Starting on 25 March 2008 service was temporarily halted for reconstruction and fleet replacement. During the 14-month suspension of rail service, buses provided a substitute service. On the existing section of the line, the most notable change was the re-gauging from meter gauge to 900 mm. The track was completely rebuilt, the unusual "Y" head rails being replaced with conventional flat-bottomed rails on concrete ties/sleepers.
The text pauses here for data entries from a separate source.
(* Let $P$ and $C$ be causal stable systems on $\mathcal{L}_{2e+}^n$ such that the feedback system $P\#C$ is well-posed. If $\theta_e(P)+\theta_e(C)<\pi$, then $P\#C|_{e_2=0}$ is stable.
   Context: $\mathcal{L}_2^n$: measurable $u:\mathbb{R}\to\mathbb{R}^n$ with $\|u\|_2^2=\int|u(t)|^2dt<\infty$, inner product $\langle u,v\rangle=\int u(t)^Tv(t)\,dt$; $\mathcal{L}_{2+}=\{u\in\mathcal{L}_2:u(t)=0\ \text{for}\ t<0\}$. For $T\ge0$, $(\Gamma_Tu)(t)=u(t)$ for $t\le T$, $0$ for $t>T$, $u_T=\Gamma_Tu$; $\mathcal{L}_{2e+}=\{u:u_T\in\mathcal{L}_{2+}\ \forall T\ge0\}$. A system is an operator $P:\mathcal{L}_{2e+}\to\mathcal{L}_{2e+}$ with $P0=0$, $P\ne0$; causal if $\Gamma_TP=\Gamma_TP\Gamma_T$ for all $T\ge0$; a causal system is stable if $Pu\in\mathcal{L}_{2+}$ for all $u\in\mathcal{L}_{2+}$ and $\sup_{0\ne u\in\mathcal{L}_{2+}}\|Pu\|_2/\|u\|_2<\infty$. The $\mathcal{L}_{2e}$ singular angle $\theta_e(P)\in[0,\pi]$ is given by $\cos\theta_e(P)=\inf\{\langle u_T,(Pu)_T\rangle/(\|u_T\|_2\|(Pu)_T\|_2): u\in\mathcal{L}_{2e+},\ T>0,\ \|u_T\|_2\ne0,\ \|(Pu)_T\|_2\ne0\}$. The feedback system $P\#C$: $u_1=e_1-y_2$, $u_2=e_2+y_1$, $y_1=Pu_1$, $y_2=Cu_2$; well-posed if $(u_1,u_2)\mapsto(u_1+Cu_2,\ u_2-Pu_1)$ has a causal inverse on $\mathcal{L}_{2e+}\times\mathcal{L}_{2e+}$. $P\#C|_{e_2=0}$ is the loop with $e_2=0$; it is stable if there is $c>0$ with $\|\Gamma_T(u_1,u_2)\|_2\le c\|\Gamma_Te\|_2$ for all $T\ge0$ and all $e=(e_1,0)$, $e_1\in\mathcal{L}_{2e+}$. *)

theory Defs
  imports "HOL-Analysis.Analysis"
begin

type_synonym 'n signal = "real \<Rightarrow> real^'n"

definition L2 :: "'n::finite signal set" where
  "L2 = {u. u \<in> borel_measurable lebesgue \<and> integrable lebesgue (\<lambda>t. (norm (u t))\<^sup>2)}"

definition L2_inner :: "'n::finite signal \<Rightarrow> 'n signal \<Rightarrow> real" where
  "L2_inner u v = (LINT t|lebesgue. u t \<bullet> v t)"

definition L2_norm :: "'n::finite signal \<Rightarrow> real" where
  "L2_norm u = sqrt (LINT t|lebesgue. (norm (u t))\<^sup>2)"

definition L2p :: "'n::finite signal set" where
  "L2p = {u. u \<in> L2 \<and> (\<forall>t<0. u t = 0)}"

definition trunc :: "real \<Rightarrow> 'n::finite signal \<Rightarrow> 'n signal" where
  "trunc T u = (\<lambda>t. if t \<le> T then u t else 0)"

definition L2ep :: "'n::finite signal set" where
  "L2ep = {u. \<forall>T\<ge>0. trunc T u \<in> L2p}"

definition is_system :: "('n::finite signal \<Rightarrow> 'n signal) \<Rightarrow> bool" where
  "is_system P \<longleftrightarrow> (\<forall>u\<in>L2ep. P u \<in> L2ep) \<and> P (\<lambda>t. 0) = (\<lambda>t. 0)
     \<and> (\<exists>u\<in>L2ep. \<exists>T\<ge>0. L2_norm (trunc T (P u)) \<noteq> 0)"

definition causal :: "('n::finite signal \<Rightarrow> 'n signal) \<Rightarrow> bool" where
  "causal P \<longleftrightarrow> (\<forall>T\<ge>0. \<forall>u\<in>L2ep. trunc T (P u) = trunc T (P (trunc T u)))"

definition stable :: "('n::finite signal \<Rightarrow> 'n signal) \<Rightarrow> bool" where
  "stable P \<longleftrightarrow> causal P \<and> (\<forall>u\<in>L2p. P u \<in> L2p)
     \<and> bdd_above {L2_norm (P u) / L2_norm u | u. u \<in> L2p \<and> L2_norm u \<noteq> 0}"

definition singular_angle_e :: "('n::finite signal \<Rightarrow> 'n signal) \<Rightarrow> real" where
  "singular_angle_e P = arccos (Inf
     {L2_inner (trunc T u) (trunc T (P u)) / (L2_norm (trunc T u) * L2_norm (trunc T (P u))) | u T.
        u \<in> L2ep \<and> T > 0 \<and> L2_norm (trunc T u) \<noteq> 0 \<and> L2_norm (trunc T (P u)) \<noteq> 0})"

definition trunc2 :: "real \<Rightarrow> 'n::finite signal \<times> 'n signal \<Rightarrow> 'n signal \<times> 'n signal" where
  "trunc2 T x = (trunc T (fst x), trunc T (snd x))"

definition L2_norm2 :: "'n::finite signal \<times> 'n signal \<Rightarrow> real" where
  "L2_norm2 x = sqrt ((L2_norm (fst x))\<^sup>2 + (L2_norm (snd x))\<^sup>2)"

definition well_posed :: "('n::finite signal \<Rightarrow> 'n signal) \<Rightarrow> ('n signal \<Rightarrow> 'n signal) \<Rightarrow> bool" where
  "well_posed P C \<longleftrightarrow>
    (let F = (\<lambda>(u1, u2). ((\<lambda>t. u1 t + C u2 t), (\<lambda>t. u2 t - P u1 t))) in
     \<exists>G. (\<forall>e \<in> L2ep \<times> L2ep. G e \<in> L2ep \<times> L2ep \<and> F (G e) = e)
       \<and> (\<forall>u \<in> L2ep \<times> L2ep. G (F u) = u)
       \<and> (\<forall>T\<ge>0. \<forall>e \<in> L2ep \<times> L2ep. trunc2 T (G e) = trunc2 T (G (trunc2 T e))))"

definition stable_e2_zero :: "('n::finite signal \<Rightarrow> 'n signal) \<Rightarrow> ('n signal \<Rightarrow> 'n signal) \<Rightarrow> bool" where
  "stable_e2_zero P C \<longleftrightarrow>
    (\<exists>c>0. \<forall>T\<ge>0. \<forall>e1 u1 u2. e1 \<in> L2ep \<and> u1 \<in> L2ep \<and> u2 \<in> L2ep
        \<and> e1 = (\<lambda>t. u1 t + C u2 t) \<and> (\<lambda>t. 0) = (\<lambda>t. u2 t - P u1 t) \<longrightarrow>
        L2_norm2 (trunc2 T (u1, u2)) \<le> c * L2_norm2 (trunc2 T (e1, \<lambda>t. 0)))"

end

theory Submission
  imports Defs
begin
Three new low-floor tramcars were purchased from Bombardier, numbered 501–503. The purchase price was €4.6 million each. In addition, three old trams (VIII, X and XI) from the then-current fleet were chosen to be retained and modernized through rebuilding of their chassis, and the fitting of dual traction control systems. The emergency braking system was converted to magnetic track brakes instead of the caliper brakes previously used. Trolley pole current collection was replaced by pantograph collection with the change; the overhead wires were modified accordingly. The first of three new Bombardier vehicles arrived on 2 April 2009; the other two cars followed in early May. The delivery of the three rebuilt old cars took place at a later date. In 2011 a fourth Bombardier tramcar was delivered, numbered 504 and identical to the other three. The total cost for the conversion amounted to €35 million, €20 million for the vehicles and €15 million for the rebuilding of the line including the extended operation to the main square.

The changes have caused the Pöstlingbergbahn to be more closely integrated into the urban transport system. From the Hauptplatz (literally, the "main square") in the city centre, passengers, including tourists travelling by rail from the boat docks, can now travel through to Pöstlingberg. The official opening of the rebuilt and extended Pöstlingbergbahn was held on 29 May 2009, in time to celebrate the line's 111th anniversary.

==Museum==
A museum has been created at the old lower station of the line at Urfahr. This relates the history and the current state of the Pöstlingbergbahn. Information about various topics such as history, technology, and the vehicles is presented, along with smaller exhibits such as examples of rails, pantographs and the clasp brakes. Outside the station building, the original meter gauge tracks have been retained and used to display open and closed carriages from the original rolling stock.